Exercise material:

(* Let $A$ be a finite combinatorial annulus and $r$ a $b$-weakly bounded refinement. Then $\mathrm{EEL}(rA)\le b^2\,\mathrm{EEL}(A)$.
   Context: Graphs are simple, connected, locally finite. A combinatorial annulus is the 1-skeleton (with its triangular cell structure) of a triangulated topological annulus in the plane, i.e. a region whose boundary is two disjoint Jordan curves, one enclosing the other. An edge path is a sequence of edges $[v_0,v_1],[v_1,v_2],\dots$; $\mathrm{EEL}(A)$ is the extremal length of the family of edge paths connecting the two boundary components of $A$, using metrics on edges: a metric $m:E\to[0,\infty)$ has area $\sum_e m(e)^2$, the length of a path is the sum of $m$ over its edges, and $\mathrm{EEL}=\sup_m (\inf_\gamma L_m(\gamma))^2/\mathrm{area}(m)$ over metrics of finite non-zero area. Refinement: for planar complexes $G=(V,E,F)$ and $rG=(rV,rE,rF)$, $rG$ is a refinement of $G$ if $V\subset rV$ and each edge $e=[x,y]\in E$ corresponds to a path $x=w_0,w_1,\dots,w_n=y$ in $rG$ with $[w_j,w_{j+1}]\in rE$ and $w_j\notin V$ for $0<j<n$. Write $\mathrm{eInc}_r(e)=\{[w_0,w_1],\dots,[w_{n-1},w_n]\}$. $r$ is $b$-weakly bounded if $|\mathrm{eInc}_r(e)|\le b$ for all $e\in E$. *)

theory Defs
  imports "HOL-Analysis.Analysis"
begin

text \<open>A planar complex is a triple (V, E, F): vertices are points of the plane,
  edges are point sets (images of arcs), faces are point sets (closed cells).\<close>

type_synonym planar_complex = "complex set \<times> complex set set \<times> complex set set"

definition verts :: "planar_complex \<Rightarrow> complex set" where
  "verts G = fst G"
definition edges :: "planar_complex \<Rightarrow> complex set set" where
  "edges G = fst (snd G)"
definition faces :: "planar_complex \<Rightarrow> complex set set" where
  "faces G = snd (snd G)"

definition jordan_curve :: "(real \<Rightarrow> complex) \<Rightarrow> bool" where
  "jordan_curve g \<longleftrightarrow> simple_path g \<and> pathfinish g = pathstart g"

definition is_edge_between :: "complex set \<Rightarrow> complex set \<Rightarrow> complex \<Rightarrow> complex \<Rightarrow> bool" where
  "is_edge_between V e x y \<longleftrightarrow>
     (\<exists>g. arc g \<and> path_image g = e \<and> pathstart g = x \<and> pathfinish g = y) \<and> e \<inter> V = {x, y}"

definition triangulated_complex :: "planar_complex \<Rightarrow> bool" where
  "triangulated_complex G \<longleftrightarrow>
     (let V = verts G; E = edges G; F = faces G in
       (\<forall>e\<in>E. \<exists>x y. is_edge_between V e x y) \<and>
       (\<forall>e1\<in>E. \<forall>e2\<in>E. e1 \<noteq> e2 \<longrightarrow> e1 \<inter> e2 \<subseteq> V) \<and>
       (\<forall>e1\<in>E. \<forall>e2\<in>E. e1 \<inter> V = e2 \<inter> V \<longrightarrow> e1 = e2) \<and>
       (\<forall>v\<in>V. \<exists>e\<in>E. v \<in> e) \<and>
       (\<forall>f\<in>F. \<exists>x y z exy eyz ezx g.
           distinct [x, y, z] \<and> exy \<in> E \<and> eyz \<in> E \<and> ezx \<in> E \<and>
           is_edge_between V exy x y \<and> is_edge_between V eyz y z \<and>
           is_edge_between V ezx z x \<and>
           jordan_curve g \<and> path_image g = exy \<union> eyz \<union> ezx \<and>
           f = path_image g \<union> inside (path_image g)) \<and>
       (\<forall>f1\<in>F. \<forall>f2\<in>F. f1 \<noteq> f2 \<longrightarrow> interior f1 \<inter> interior f2 = {}) \<and>
       (\<forall>e\<in>E. \<forall>f\<in>F. e \<inter> interior f = {}) \<and>
       (\<forall>e\<in>E. \<exists>f\<in>F. e \<subseteq> f))"

definition comb_annulus :: "planar_complex \<Rightarrow> bool" where
  "comb_annulus A \<longleftrightarrow>
     triangulated_complex A \<and>
     finite (verts A) \<and> finite (edges A) \<and> finite (faces A) \<and>
     (\<exists>c1 c2. jordan_curve c1 \<and> jordan_curve c2 \<and>
        path_image c1 \<subseteq> inside (path_image c2) \<and>
        \<Union>(faces A) = (path_image c2 \<union> inside (path_image c2)) - inside (path_image c1))"

definition bdry_comps :: "planar_complex \<Rightarrow> complex set set" where
  "bdry_comps A = components (frontier (\<Union>(faces A)))"

definition edge_path :: "planar_complex \<Rightarrow> complex list \<Rightarrow> complex set list \<Rightarrow> bool" where
  "edge_path G vs es \<longleftrightarrow> length vs = Suc (length es) \<and>
     (\<forall>i<length es. es ! i \<in> edges G \<and> es ! i \<inter> verts G = {vs ! i, vs ! Suc i})"

definition connecting_paths :: "planar_complex \<Rightarrow> (complex list \<times> complex set list) set" where
  "connecting_paths A = {(vs, es). edge_path A vs es \<and>
     (\<exists>C1\<in>bdry_comps A. \<exists>C2\<in>bdry_comps A. C1 \<noteq> C2 \<and> hd vs \<in> C1 \<and> last vs \<in> C2)}"

definition path_length :: "(complex set \<Rightarrow> real) \<Rightarrow> complex set list \<Rightarrow> real" where
  "path_length m es = sum_list (map m es)"

definition metric_area :: "planar_complex \<Rightarrow> (complex set \<Rightarrow> real) \<Rightarrow> real" where
  "metric_area G m = (\<Sum>e\<in>edges G. (m e)\<^sup>2)"

definition admissible_metric :: "planar_complex \<Rightarrow> (complex set \<Rightarrow> real) \<Rightarrow> bool" where
  "admissible_metric G m \<longleftrightarrow> (\<forall>e\<in>edges G. m e \<ge> 0) \<and> metric_area G m > 0"

definition min_length :: "planar_complex \<Rightarrow> (complex set \<Rightarrow> real) \<Rightarrow> real" where
  "min_length A m = Inf {path_length m es | vs es. (vs, es) \<in> connecting_paths A}"

definition EEL :: "planar_complex \<Rightarrow> real" where
  "EEL A = Sup {(min_length A m)\<^sup>2 / metric_area A m | m. admissible_metric A m}"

About this task: Could you repeat all of the material above exactly?

Finished task:
(* Let $A$ be a finite combinatorial annulus and $r$ a $b$-weakly bounded refinement. Then $\mathrm{EEL}(rA)\le b^2\,\mathrm{EEL}(A)$.
   Context: Graphs are simple, connected, locally finite. A combinatorial annulus is the 1-skeleton (with its triangular cell structure) of a triangulated topological annulus in the plane, i.e. a region whose boundary is two disjoint Jordan curves, one enclosing the other. An edge path is a sequence of edges $[v_0,v_1],[v_1,v_2],\dots$; $\mathrm{EEL}(A)$ is the extremal length of the family of edge paths connecting the two boundary components of $A$, using metrics on edges: a metric $m:E\to[0,\infty)$ has area $\sum_e m(e)^2$, the length of a path is the sum of $m$ over its edges, and $\mathrm{EEL}=\sup_m (\inf_\gamma L_m(\gamma))^2/\mathrm{area}(m)$ over metrics of finite non-zero area. Refinement: for planar complexes $G=(V,E,F)$ and $rG=(rV,rE,rF)$, $rG$ is a refinement of $G$ if $V\subset rV$ and each edge $e=[x,y]\in E$ corresponds to a path $x=w_0,w_1,\dots,w_n=y$ in $rG$ with $[w_j,w_{j+1}]\in rE$ and $w_j\notin V$ for $0<j<n$. Write $\mathrm{eInc}_r(e)=\{[w_0,w_1],\dots,[w_{n-1},w_n]\}$. $r$ is $b$-weakly bounded if $|\mathrm{eInc}_r(e)|\le b$ for all $e\in E$. *)

theory Defs
  imports "HOL-Analysis.Analysis"
begin

text \<open>A planar complex is a triple (V, E, F): vertices are points of the plane,
  edges are point sets (images of arcs), faces are point sets (closed cells).\<close>

type_synonym planar_complex = "complex set \<times> complex set set \<times> complex set set"

definition verts :: "planar_complex \<Rightarrow> complex set" where
  "verts G = fst G"
definition edges :: "planar_complex \<Rightarrow> complex set set" where
  "edges G = fst (snd G)"
definition faces :: "planar_complex \<Rightarrow> complex set set" where
  "faces G = snd (snd G)"

definition jordan_curve :: "(real \<Rightarrow> complex) \<Rightarrow> bool" where
  "jordan_curve g \<longleftrightarrow> simple_path g \<and> pathfinish g = pathstart g"

definition is_edge_between :: "complex set \<Rightarrow> complex set \<Rightarrow> complex \<Rightarrow> complex \<Rightarrow> bool" where
  "is_edge_between V e x y \<longleftrightarrow>
     (\<exists>g. arc g \<and> path_image g = e \<and> pathstart g = x \<and> pathfinish g = y) \<and> e \<inter> V = {x, y}"

definition triangulated_complex :: "planar_complex \<Rightarrow> bool" where
  "triangulated_complex G \<longleftrightarrow>
     (let V = verts G; E = edges G; F = faces G in
       (\<forall>e\<in>E. \<exists>x y. is_edge_between V e x y) \<and>
       (\<forall>e1\<in>E. \<forall>e2\<in>E. e1 \<noteq> e2 \<longrightarrow> e1 \<inter> e2 \<subseteq> V) \<and>
       (\<forall>e1\<in>E. \<forall>e2\<in>E. e1 \<inter> V = e2 \<inter> V \<longrightarrow> e1 = e2) \<and>
       (\<forall>v\<in>V. \<exists>e\<in>E. v \<in> e) \<and>
       (\<forall>f\<in>F. \<exists>x y z exy eyz ezx g.
           distinct [x, y, z] \<and> exy \<in> E \<and> eyz \<in> E \<and> ezx \<in> E \<and>
           is_edge_between V exy x y \<and> is_edge_between V eyz y z \<and>
           is_edge_between V ezx z x \<and>
           jordan_curve g \<and> path_image g = exy \<union> eyz \<union> ezx \<and>
           f = path_image g \<union> inside (path_image g)) \<and>
       (\<forall>f1\<in>F. \<forall>f2\<in>F. f1 \<noteq> f2 \<longrightarrow> interior f1 \<inter> interior f2 = {}) \<and>
       (\<forall>e\<in>E. \<forall>f\<in>F. e \<inter> interior f = {}) \<and>
       (\<forall>e\<in>E. \<exists>f\<in>F. e \<subseteq> f))"

definition comb_annulus :: "planar_complex \<Rightarrow> bool" where
  "comb_annulus A \<longleftrightarrow>
     triangulated_complex A \<and>
     finite (verts A) \<and> finite (edges A) \<and> finite (faces A) \<and>
     (\<exists>c1 c2. jordan_curve c1 \<and> jordan_curve c2 \<and>
        path_image c1 \<subseteq> inside (path_image c2) \<and>
        \<Union>(faces A) = (path_image c2 \<union> inside (path_image c2)) - inside (path_image c1))"

definition bdry_comps :: "planar_complex \<Rightarrow> complex set set" where
  "bdry_comps A = components (frontier (\<Union>(faces A)))"

definition edge_path :: "planar_complex \<Rightarrow> complex list \<Rightarrow> complex set list \<Rightarrow> bool" where
  "edge_path G vs es \<longleftrightarrow> length vs = Suc (length es) \<and>
     (\<forall>i<length es. es ! i \<in> edges G \<and> es ! i \<inter> verts G = {vs ! i, vs ! Suc i})"

definition connecting_paths :: "planar_complex \<Rightarrow> (complex list \<times> complex set list) set" where
  "connecting_paths A = {(vs, es). edge_path A vs es \<and>
     (\<exists>C1\<in>bdry_comps A. \<exists>C2\<in>bdry_comps A. C1 \<noteq> C2 \<and> hd vs \<in> C1 \<and> last vs \<in> C2)}"

definition path_length :: "(complex set \<Rightarrow> real) \<Rightarrow> complex set list \<Rightarrow> real" where
  "path_length m es = sum_list (map m es)"

definition metric_area :: "planar_complex \<Rightarrow> (complex set \<Rightarrow> real) \<Rightarrow> real" where
  "metric_area G m = (\<Sum>e\<in>edges G. (m e)\<^sup>2)"

definition admissible_metric :: "planar_complex \<Rightarrow> (complex set \<Rightarrow> real) \<Rightarrow> bool" where
  "admissible_metric G m \<longleftrightarrow> (\<forall>e\<in>edges G. m e \<ge> 0) \<and> metric_area G m > 0"

definition min_length :: "planar_complex \<Rightarrow> (complex set \<Rightarrow> real) \<Rightarrow> real" where
  "min_length A m = Inf {path_length m es | vs es. (vs, es) \<in> connecting_paths A}"

definition EEL :: "planar_complex \<Rightarrow> real" where
  "EEL A = Sup {(min_length A m)\<^sup>2 / metric_area A m | m. admissible_metric A m}"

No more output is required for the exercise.